One day last week, I stopped being able to rationalise and “deal” with the influx. I was hot, tired and behind in my chores (because it was too hot to work outside). And maybe I was also feeling a bit, or a lot, of the still-compressed strain of the past two years. So I filled a water bottle, grabbed my tablet and quietly walked away…

… all the way to the big tree where Tom has hung a hammock. There, I distracted myself for an hour by reading about Trump and playing Scrabble words. I’d walked away from a challenge, but not very far.

Nick in hammock

Me in the hammock, but not grumpy

Tom arrived home and coaxed me back to the house.

Next day, he came home with sticky fly traps, a plug-in insect-killing gadget and a chargeable fan. He told me he’d ordered an evaporative air cooler (it arrived a few days later).

Practical Tom — he’s a keeper.

Making Sense Of It

The flies are probably a short-lived and possibly a one-off problem. In a tiny house the problem is more visible because, well, there’s less possibility of excluding them and less space to avoid them. So we have to find solutions, just as we have to do with other solvable problems, or make our peace with this particular new reality, as we have with all the other ones.

A flock of flies was in itself an unworthy reason for “failing to adult”. So I reckon more was going on than just flies. The heat and a touch of cabin fever were factors too. But I think, for both of us, there’s still a lot of stress coiled up in us that we need to unspool. This is the stress from the two years of change and worry and sudden obstacles and uncertainties, and I reckon the flies just brought it to a kind of head.

I like the way we’ve faced up to challenges these past two years. I’ve prided myself on staying positive. But now I wonder if we’d both benefit from a little more hammock time, maybe even a little holiday from the years of problem-solving.

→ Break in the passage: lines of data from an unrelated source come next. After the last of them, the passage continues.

lemma partition_relations_Diff:
  assumes S: "pairwise disjnt S" "\<Union>S = W" and "A \<in> scheme_relations S" "B \<in> scheme_relations S"
  shows "A - B \<in> scheme_relations S"
proof -
  have "A \<subseteq> W \<and> (\<forall>s\<in>S. s \<subseteq> A \<or> s \<inter> A = {})" "B \<subseteq> W \<and> (\<forall>s\<in>S. s \<subseteq> B \<or> s \<inter> B = {})"
    using assms(3,4) unfolding scheme_relations_partition[OF S] by blast+
  then show ?thesis
    unfolding scheme_relations_partition[OF S] by blast
qed

text \<open>The witness is the least invariant relation of S containing p.\<close>

lemma fixed_scheme_basis_containing:
  assumes S: "pairwise disjnt S" "\<Union>S = W" and inj: "\<forall>g\<in>\<Gamma>. inj g"
    and A: "A \<in> scheme_relations S" "invariant_rel \<Gamma> A" "p \<in> A"
  shows "\<exists>m\<in>fixed_scheme \<Gamma> S. p \<in> m \<and> m \<subseteq> A"
proof -
  define Fam where "Fam = {B \<in> scheme_relations S. invariant_rel \<Gamma> B \<and> p \<in> B}"
  define m where "m = \<Inter>Fam"
  have "A \<in> Fam"
    using A unfolding Fam_def by simp
  then have rel: "m \<in> scheme_relations S" and inv: "invariant_rel \<Gamma> m"
    unfolding m_def Fam_def
    by (auto intro!: partition_relations_Inter[OF S] invariant_rel_Inter[OF inj])
  have "p \<in> m" "m \<subseteq> A"
    using \<open>A \<in> Fam\<close> unfolding m_def Fam_def by auto
  have "r = m" if r: "r \<in> scheme_relations S" "invariant_rel \<Gamma> r" "r \<noteq> {}" "r \<subseteq> m" for r
  proof (cases "p \<in> r")
    case True
    then have "r \<in> Fam"
      unfolding Fam_def using r by simp
    then show ?thesis
      using r(4) unfolding m_def by blast
  next
    case False
    then have "m - r \<in> Fam"
      unfolding Fam_def using partition_relations_Diff[OF S rel r(1)] invariant_rel_Diff[OF inj inv r(2)] \<open>p \<in> m\<close>
      by blast
    then have "m \<subseteq> m - r"
      unfolding m_def by blast
    then show ?thesis
      using r(3,4) by blast
  qed
  then have "m \<in> fixed_scheme \<Gamma> S"
    unfolding fixed_scheme_def using rel inv \<open>p \<in> m\<close> by blast
  then show ?thesis
    using \<open>p \<in> m\<close> \<open>m \<subseteq> A\<close> by blast
qed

Meanwhile, I still hate flies, but I’m dealing with it.

3 thoughts on “The Day I Walked Away From My Tiny House (But Came Back Again, Slightly Later)

  1. We live in the country too and each summer is an endless battle with flies.My husband has one of those stick on netting arrangments on his window,I relied on good old fly spray which of course no longer seems to work.My son recommends long rolls of sticky fly paper,which I. up until now, scorned as a solution.Today I capitulated and bought some.My poor dog and cats dive for cover at the very sound of my hand touching the fly spray can.Perhaps I will resort to some of those door curtans like previous generations.Worse to come of course are the wasps, heaven forbid another tyre sized nest like we had down on the roadside last year.How selfish of DOC to keep the solution all to themselves!!

    Liked by 1 person

    1. Fly spray would be very noticeable in a tiny house, and as you’ve found, not great when you have pets. The solution will probably include mesh or netting on key windows — just like mum used to do! As for wasps, yikes, hope we are spared that horror!